Chrissy our Malt and Snuggles our Yorkie both get 1/4 cup 2 x's a day; Morning and Evening and they are fine with that.


----------



## Furbabies mom (Jul 25, 2011)

Mine eat 1/4 C twice a day. They get green beans, carrots, banana, apple, or something from fruits or veggies, as a snack and I use them for treats as well.


----------



## kilodzul (Oct 7, 2013)

I'm feeding 3 tablespoons of kibble in the morning and evening + some treats as rewards. Of course if Cashmere was more active some day and seems very hungry, I give her a bit more kibble during the day.
Do your babies have right weight? If yes, then you're probably feeding them right amount.


----------



## Bing (Jan 16, 2014)

Thank you so much for the feedback and ideas! I've been free feeding them until now with dry science kibble. I will try to shift to twice a day and to supplement that with some veggies. 
I'm still not sure what is a safer dog chew for them. I will look into bully sticks and the chicken jerky.


----------



## maltese#1fan (Feb 20, 2012)

I feed my girls twice a day. They also love fruit so I give them little pieces whenever I have some. Rawhides are a definite no (I didn't know that before I joined SM). But they do love their Nylabones. They come in all shapes in sizes.

Your boys are really cute.


----------



## Kathleen (Aug 4, 2011)

Your little guys are just too cute!
Mine are loving antlers as chews. We get the split ones and they chew for a long time. Just a reminder to be very careful of any chews or jerky from China. You probably have seen the media reports of dogs getting very sick. Mine also love baby carrots.

Are you feeding Science Diet food? If so, I believe it has a lot of corn in it which can make them hungry, as well as cause allergies. You could consider trying a different food which might fill them up more. Dog food advisor site is good for listing ingredients and rating quality. Just a thought!


----------



## Bing (Jan 16, 2014)

*Thanks for the feedback!*

Poking around on this website, Looks like a lot of people seem to like Fromms kibble. Will have to look into it. Maybe it will help with one of my puppies who has a sensitive stomach and possibly asthma.


----------



## CloudClan (Jan 31, 2007)

Generally, I feed about 1/4 cup 2x per day. I really believe 2x per day is better than 1x per day for most of our toy dogs. Some of the manufacturers guidelines are out of whack, and you MUST judge if they are getting enough based on the individual dog's response to what they eat. If your dog is on the thin side, try to add more, but for a dog that is getting heavy, definitely adjust their diet and pay attention. 

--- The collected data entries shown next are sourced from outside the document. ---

lemma lin_eval_x_pow_minus_1:
  assumes "n = e * m"
  shows "lin_eval e ([:-1:] + monom 1 m) (z::'f) = 0"
proof -
  have "[:-1::bit:] + monom 1 m = 1 + monom 1 m"
    by (simp add: one_pCons)
  then show ?thesis
    using power_two_pow_n[of z] char2_add_self[OF char2, of z]
    by (simp only: assms lin_eval_add lin_eval_1 lin_eval_monom_1)
qed

lemma lin_eval_annihilator_generator:
  assumes "lin_eval e M (w::'f) = 0" "M \<noteq> 0"
  obtains g where "g \<noteq> 0" "lin_eval e g w = 0" "\<And>f. lin_eval e f w = 0 \<Longrightarrow> g dvd f"
proof -
  define I where "I = {f. lin_eval e f w = 0 \<and> f \<noteq> 0}"
  obtain g where g: "g \<in> I" and g_min: "\<And>f. f \<in> I \<Longrightarrow> degree g \<le> degree f"
    using ex_has_least_nat[of "\<lambda>f. f \<in> I" M degree] assms by (auto simp: I_def)
  have dvd: "g dvd f" if "lin_eval e f w = 0" for f
  proof (rule ccontr)
    assume "\<not> g dvd f"
    then have "f mod g \<noteq> 0"
      by (simp add: dvd_eq_mod_eq_0)
    moreover have "lin_eval e (f mod g) w = 0"
      using that g div_mult_mod_eq[of f g] lin_eval_add[of e "f div g * g" "f mod g" w]
      by (simp add: I_def lin_eval_mult)
    ultimately have "f mod g \<in> I"
      by (simp add: I_def)
    then show False
      using g_min g degree_mod_less'[of g f] \<open>f mod g \<noteq> 0\<close> by (fastforce simp: I_def)
  qed
  show thesis
    using g dvd by (intro that) (auto simp: I_def)
qed

lemma x_pow_minus_1_nonzero: "n = e * m \<Longrightarrow> [:-1:] + monom (1::bit) m \<noteq> 0"
  using n_pos degree_x_pow_minus_1[of m] by (cases m) auto

lemma lin_eval_root_of_not_coprime:
  assumes "n = e * m" "e \<ge> 1" "\<not> coprime P ([:-1:] + monom 1 m)"
  shows "\<exists>w::'f. w \<noteq> 0 \<and> lin_eval e P w = 0"
proof -
  define M where "M = [:-1::bit:] + monom 1 m"
  obtain c where "c dvd P" "c dvd M" "\<not> is_unit c"
    using assms(3) unfolding coprime_def M_def by blast
  obtain r where r: "M = c * r"
    using \<open>c dvd M\<close> by (elim dvdE)
  obtain s where s: "P = c * s"
    using \<open>c dvd P\<close> by (elim dvdE)
  have "c \<noteq> 0" "r \<noteq> 0"
    using r x_pow_minus_1_nonzero[OF assms(1)] by (auto simp: M_def)
  moreover have "degree M = m"
    using n_pos assms(1) degree_x_pow_minus_1[of m] by (cases m) (simp_all add: M_def)
  moreover have "degree c \<noteq> 0"
    using \<open>\<not> is_unit c\<close> is_unit_iff_degree \<open>c \<noteq> 0\<close> by blast
  ultimately have "e * degree r < n"
    using degree_mult_eq[of c r] r assms(1,2) by simp
  then obtain y :: 'f where y: "lin_eval e r y \<noteq> 0"
    using lin_eval_nonzero[OF \<open>r \<noteq> 0\<close> assms(2)] by blast
  have "lin_eval e M y = 0"
    unfolding M_def by (rule lin_eval_x_pow_minus_1[OF assms(1)])
  then have "lin_eval e c (lin_eval e r y) = 0"
    by (simp add: r lin_eval_mult)
  then have "lin_eval e P (lin_eval e r y) = 0"
    by (simp add: s mult.commute[of c] lin_eval_mult)
  then show ?thesis
    using y by blast
qed

lemma lin_eval_root_of_coprime:
  assumes "n = e * m" "coprime P ([:-1:] + monom 1 m)" "lin_eval e P (w::'f) = 0"
  shows "w = 0"
proof -
  note M_vanishes = lin_eval_x_pow_minus_1[OF assms(1)]
  obtain g where g: "g \<noteq> 0" "lin_eval e g w = 0" "\<And>f. lin_eval e f w = 0 \<Longrightarrow> g dvd f"
    using lin_eval_annihilator_generator[OF M_vanishes x_pow_minus_1_nonzero[OF assms(1)]] by blast
  then have "is_unit g"
    using assms(2,3) M_vanishes unfolding coprime_def by blast
  then have "degree g = 0"
    using is_unit_iff_degree[OF g(1)] by simp
  then obtain a where "g = [:a:]"
    by (elim degree_eq_zeroE)
  moreover have "a = 1"
    using g(1) \<open>g = [:a:]\<close> by (cases a) simp_all
  ultimately have "g = 1"
    by (simp add: one_pCons)
  then show "w = 0"
    using g(2) by simp
qed

lemma lin_eval_kernel_trivial_iff_coprime:
  assumes "n = e * m" "e \<ge> 1"
  shows "(\<forall>z::'f. lin_eval e P z = 0 \<longrightarrow> z = 0) \<longleftrightarrow> coprime P ([:-1:] + monom 1 m)"
  using lin_eval_root_of_not_coprime[OF assms] lin_eval_root_of_coprime[OF assms(1)] by blast

lemma lin_eval_cpoly_compose:
  "lin_eval e (pcompose (cpoly m c) (monom 1 k)) (z::'f) = z +
     (\<Sum>i\<in>{1..(m - 1) div 2}. if c i then z ^ (2 ^ (e * k * i)) + z ^ (2 ^ (e * k * (m - i))) else 0)"
proof -
  have "pcompose (cpoly m c) (monom 1 k) =
     1 + (\<Sum>i\<in>{1..(m - 1) div 2}. if c i then monom 1 (k * i) + monom 1 (k * (m - i)) else 0)"
    unfolding cpoly_def pcompose_add pcompose_1 pcompose_sum
    by (intro arg_cong2[where f="(+)"] refl sum.cong)
       (auto simp: pcompose_add pcompose_monom_1 monom_power mult.commute)
  moreover have "lin_eval e (if b then p else q) z = (if b then lin_eval e p z else lin_eval e q z)"
    for b p q
    by simp
  ultimately show ?thesis
    by (simp add: lin_eval_add lin_eval_sum lin_eval_monom_1 mult.assoc cong: if_cong)
qed

(* Raising to the power 2^(e k (m - i)) fixes both b and the trace and turns x^(2^(e k i)) into x. *)
lemma ftr_conjugate_swap:
  assumes "b ^ (2 ^ e) = (b::'f)" "n = e * m" "i \<le> m"
  shows "ftr n (b * z * x ^ (2 ^ (e * k * i))) = ftr n (b * x * z ^ (2 ^ (e * k * (m - i))))"
proof -
  define t r where "t = e * k * i" and "r = e * k * (m - i)"
  have "t + r = e * k * (i + (m - i))"
    unfolding t_def r_def by (simp only: add_mult_distrib2)
  then have "t + r = k * n"
    using assms(2,3) by simp
  then have "x ^ (2 ^ (t + r)) = x"
    using power_two_pow_mod[OF power_two_pow_n[of x], of "k * n"] by simp
  moreover have "b ^ (2 ^ r) = b"
    using power_two_pow_mult_fixed[OF assms(1), of "k * (m - i)"] by (simp add: r_def mult.assoc)
  moreover have "(b * z * x ^ (2 ^ t)) ^ (2 ^ r) = b ^ (2 ^ r) * z ^ (2 ^ r) * x ^ (2 ^ (t + r))"
    by (simp add: power_mult_distrib power_mult[symmetric] power_add)
  ultimately have "(b * z * x ^ (2 ^ t)) ^ (2 ^ r) = b * x * z ^ (2 ^ r)"
    by (simp add: mult_ac)
  then show ?thesis
    using ftr_power_two_pow[of "b * z * x ^ (2 ^ t)" r] by (simp add: t_def r_def)
qed

lemma ftr_quad_part_add:
  assumes "b ^ (2 ^ e) = (b::'f)" "n = e * m"
  shows "ftr n (quad_part e m k c b (x + z)) = ftr n (quad_part e m k c b x + quad_part e m k c b z
    + x * (b * (lin_eval e (pcompose (cpoly m c) (monom 1 k)) z - z)))"
proof -
  define I where "I = {1..(m - 1) div 2}"
  define \<chi> where "\<chi> i = (if c i then 1 else 0 :: 'f)" for i
  define cross where "cross = (\<Sum>i\<in>I. \<chi> i * b * (x * z ^ (2 ^ (e * k * i)) + z * x ^ (2 ^ (e * k * i))))"
  have "(x + z) ^ (1 + 2 ^ t) = x ^ (1 + 2 ^ t) + z ^ (1 + 2 ^ t) + (x * z ^ (2 ^ t) + z * x ^ (2 ^ t))" for t
    by (simp add: char2_add_power_two_pow[OF char2] algebra_simps)
  then have "quad_part e m k c b (x + z) = quad_part e m k c b x + quad_part e m k c b z + cross"
    by (simp add: quad_part_def cross_def I_def \<chi>_def distrib_left sum.distrib)
  moreover have "ftr n cross = ftr n (\<Sum>i\<in>I. \<chi> i * b * (x * z ^ (2 ^ (e * k * i)) + x * z ^ (2 ^ (e * k * (m - i)))))"
    unfolding cross_def ftr_sum
  proof (intro sum.cong refl)
    fix i assume "i \<in> I"
    then have "i \<le> m"
      using div_le_dividend[of "m - 1" 2] by (auto simp: I_def)
    show "ftr n (\<chi> i * b * (x * z ^ (2 ^ (e * k * i)) + z * x ^ (2 ^ (e * k * i))))
        = ftr n (\<chi> i * b * (x * z ^ (2 ^ (e * k * i)) + x * z ^ (2 ^ (e * k * (m - i)))))"
      using ftr_conjugate_swap[OF assms \<open>i \<le> m\<close>, of z x k]
      by (simp add: \<chi>_def distrib_left ftr_add mult_ac)
  qed
  moreover have "(\<Sum>i\<in>I. \<chi> i * b * (x * z ^ (2 ^ (e * k * i)) + x * z ^ (2 ^ (e * k * (m - i)))))
      = x * (b * (lin_eval e (pcompose (cpoly m c) (monom 1 k)) z - z))"
    unfolding lin_eval_cpoly_compose add_diff_cancel_left' sum_distrib_left I_def
    by (intro sum.cong refl) (simp add: \<chi>_def algebra_simps)
  ultimately show ?thesis
    by (simp add: ftr_add)
qed

lemma i_pow_Q_add:
  assumes "a ^ (2 ^ e) = (a::'f)" "n = e * m"
  shows "i_pow_Q n e m k c a (x + z)
    = i_pow_Q n e m k c a x * i_pow_Q n e m k c a z
      * minus_one_pow (ftr n (x * (a ^ 2 * lin_eval e (pcompose (cpoly m c) (monom 1 k)) z)))"
proof -
  define L where "L = lin_eval e (pcompose (cpoly m c) (monom 1 k)) z"
  have "(a ^ 2) ^ (2 ^ e) = a ^ 2"
    using assms(1) by (metis power_mult_distrib power2_eq_square)
  note quad = ftr_quad_part_add[OF this assms(2), of k c x z]
  have "x * (a ^ 2 * L) = a * x * (a * z) + x * (a ^ 2 * (L - z))"
    by (simp add: power2_eq_square algebra_simps)
  then have "minus_one_pow (ftr n (x * (a ^ 2 * L)))
      = minus_one_pow (ftr n (a * x * (a * z))) * minus_one_pow (ftr n (x * (a ^ 2 * (L - z))))"
    by (simp only: minus_one_pow_ftr_add)
  then show ?thesis
    unfolding i_pow_Q_def distrib_left i_pow_trace_add quad L_def[symmetric] minus_one_pow_ftr_add
    by (simp add: mult_ac)
qed

lemma i_pow_Q_bent_iff_coprime:
  assumes "a \<noteq> 0" "a ^ (2 ^ e) = (a::'f)" "n = e * m" "e \<ge> 1"
  shows "(\<forall>w. cmod (\<Sum>x\<in>UNIV. i_pow_Q n e m k c a x * minus_one_pow (ftr n (w * x))) = 2 powr (real n / 2))
    \<longleftrightarrow> coprime (pcompose (cpoly m c) (monom 1 k)) ([:-1:] + monom 1 m)"
proof -
  interpret gf2n_quadratic n "TYPE('f)" "i_pow_Q n e m k c a"
    "\<lambda>z. a ^ 2 * lin_eval e (pcompose (cpoly m c) (monom 1 k)) z"
  proof
    show "cnj (i_pow_Q n e m k c a x) * i_pow_Q n e m k c a x = 1" for x
      by (auto simp: i_pow_Q_def i_pow_trace_def minus_one_pow_def)
  qed (simp_all add: i_pow_Q_add[OF assms(2,3)] lin_eval_additive distrib_left)
  show ?thesis
    unfolding bent_iff_kernel_trivial lin_eval_kernel_trivial_iff_coprime[OF assms(3,4), symmetric]
    using assms(1) by simp
qed

end

section \<open>Reduction of GR(4,n) to its residue field\<close>

locale gr4_reduction =
  fixes n :: nat and \<mu> :: "'r::{comm_ring_1,finite} \<Rightarrow> 'f::{field,finite}"
  assumes galois_ring: "is_GR4 n TYPE('r)"
    and card_residue_field: "card (UNIV::'f set) = 2 ^ n"
    and mu_1: "\<mu> 1 = 1"
    and mu_add: "\<mu> (x + y) = \<mu> x + \<mu> y"
    and mu_mult: "\<mu> (x * y) = \<mu> x * \<mu> y"
    and mu_surj: "surj \<mu>"
begin

lemma four_eq_0: "(4::'r) = 0"
  and two_neq_0: "(2::'r) \<noteq> 0"
  and unit_of_not_double: "\<nexists>y. (z::'r) = 2 * y \<Longrightarrow> \<exists>w. z * w = 1"
  using galois_ring by (auto simp: is_GR4_def)

lemma mu_0 [simp]: "\<mu> 0 = 0"
proof -
  have "\<mu> 0 + \<mu> 0 = \<mu> 0 + 0"
    using mu_add[of 0 0] by simp
  then show ?thesis
    by (rule add_left_imp_eq)
qed

lemma mu_diff: "\<mu> (x - y) = \<mu> x - \<mu> y"
  using mu_add[of "x - y" y] by (simp add: algebra_simps)

lemma mu_power: "\<mu> (x ^ j) = \<mu> x ^ j"
  by (induction j) (simp_all add: mu_1 mu_mult)

lemma mu_sum: "\<mu> (\<Sum>i\<in>A. f i) = (\<Sum>i\<in>A. \<mu> (f i))"
  by (induction A rule: infinite_finite_induct) (simp_all add: mu_add)

lemma mu_of_int: "\<mu> (of_int j) = of_int j"
  by (induction j rule: int_induct[where k=0]) (simp_all add: mu_add mu_1 mu_diff)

I see far too many dogs free fed become overweight. It is dangerous to their health (just as it is to ours).


----------



## maggieh (Dec 16, 2007)

Mine also get fed twice a day - dehydrated that has been reconstituted with an equal amount of water. Dry kibble is extremely convenient but not the best for our fluffs, so i would suggest soaking it in hot water for about ten minutes before feeding. This helps bring out the flavor as well as add moisture.


----------



## ToniLWilson (Sep 11, 2012)

Bella eats 1/4 Cup twice a day. I give her boiled chicken breast and green beans warmed up in some low sodium chicken broth. I mix in a little bit of kibble to soak up the broth. She loves it! I also use green beans as a treat for her. Bella loves her nylabones, of course her favorite is the blue one with the little nubs but she only gets it once in awhile for a short period of time.


----------



## N2Mischief (Aug 18, 2013)

My three each get 1/6 cup dry soaked in warm water 2x daily.


----------



## edelweiss (Apr 23, 2010)

N2Mischief said:


> My three each get 1/6 cup dry soaked in warm water 2x daily.

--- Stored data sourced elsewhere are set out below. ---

(* Let $C_1>0$, $C_2>0$. For $\xi\in\mathbb{C}$ write $\xi=r_1e^{i\theta_1}$ and $\xi-C_1=r_2e^{i\theta_2}$ with $r_1,r_2\ge0$, $\theta_1,\theta_2\in[0,2\pi)$, and define $\sqrt{\xi(\xi-C_1)}:=(r_1r_2)^{1/2}e^{i(\theta_1+\theta_2)/2}$. Define $$R^D(\xi):=\frac{C_2}{\sqrt{\xi(\xi-C_1)}-C_2}.$$ Let $\xi_p:=\frac{C_1+\sqrt{C_1^2+4C_2^2}}{2}$, $\psi(u):=\frac{C_2\sqrt{u(C_1-u)}}{\pi[C_2^2+u(C_1-u)]}$ for $u\in[0,C_1]$, and $r:=\frac{2C_2\sqrt{\xi_p(\xi_p-C_1)}}{2\xi_p-C_1}$. Then $R^D$ is analytic in $\mathbb{C}\setminus([0,C_1]\cup\{\xi_p\})$, has a simple pole at $\xi_p$ with residue $r$, $-R^D$ maps the upper half plane into the upper half plane, and for every $\xi\in\mathbb{C}\setminus[0,\xi_p]$ $$R^D(\xi)=\int_0^{C_1}\frac{\psi(u)\,du}{\xi-u}+\frac{r}{\xi-\xi_p}.$$ Moreover $\int_0^{C_1}\frac{\psi(u)}{u}\,du+\frac{r}{\xi_p}=1$.
   Context: In the JKD model $C_2=FK_0/\nu$ and $C_1=4C_2FK_0/\Lambda^2$, and $R^D(\xi)=-s\,(F/\nu)K^D(is)$ with $s=-i\omega$, $\xi=-1/s$, where $K^D(\omega)=K_0/(\sqrt{1-iC_1\omega}-iC_2\omega)$. *)

theory Defs
  imports "HOL-Analysis.Analysis"
begin

definition arg02 :: "complex \<Rightarrow> real" where
  "arg02 z = (if Arg z \<ge> 0 then Arg z else Arg z + 2 * pi)"

definition sqrtD :: "real \<Rightarrow> complex \<Rightarrow> complex" where
  "sqrtD C1 \<xi> = complex_of_real (sqrt (norm \<xi> * norm (\<xi> - complex_of_real C1)))
                 * cis ((arg02 \<xi> + arg02 (\<xi> - complex_of_real C1)) / 2)"

definition RD :: "real \<Rightarrow> real \<Rightarrow> complex \<Rightarrow> complex" where
  "RD C1 C2 \<xi> = complex_of_real C2 / (sqrtD C1 \<xi> - complex_of_real C2)"

definition xi_p :: "real \<Rightarrow> real \<Rightarrow> real" where
  "xi_p C1 C2 = (C1 + sqrt (C1\<^sup>2 + 4 * C2\<^sup>2)) / 2"

definition psiD :: "real \<Rightarrow> real \<Rightarrow> real \<Rightarrow> real" where
  "psiD C1 C2 u = C2 * sqrt (u * (C1 - u)) / (pi * (C2\<^sup>2 + u * (C1 - u)))"

definition resD :: "real \<Rightarrow> real \<Rightarrow> real" where
  "resD C1 C2 = 2 * C2 * sqrt (xi_p C1 C2 * (xi_p C1 C2 - C1)) / (2 * xi_p C1 C2 - C1)"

This seems too little to me. . . are they teeny-tiny pups?


----------



## Fee (Oct 26, 2013)

I feed Boycie 3 times a day and give him treats. He gets about 100-120grams a day and 2-3 treats. He weighs 3kg now  However, I must add that he is very active and needs the extra energy


----------



## shellbeme (Mar 1, 2011)

I feed 1/4 cup twice a day for my boys. I have found that it translates pretty much the same across different premium kibbles. There are a few I can get away with feeding a tiny bit less but it's marginal. 

Tucker is 5.5 lb and maintaining and Rocky is 6.5 and maintaining. On our last visit our Dr. commented on what great shape they seemed to be in and he was really happy with their weight. Even with their slight size difference they eat the same. Tucker is fairly active, Rocky is a couch potato. 

It's also a good idea to check out the calories per cup in the food you feed and find out what the ideal calories per day for your dog is. There are several different calculators online that can help with that too.

I feed in the morning before work and in the evening when I get home from work.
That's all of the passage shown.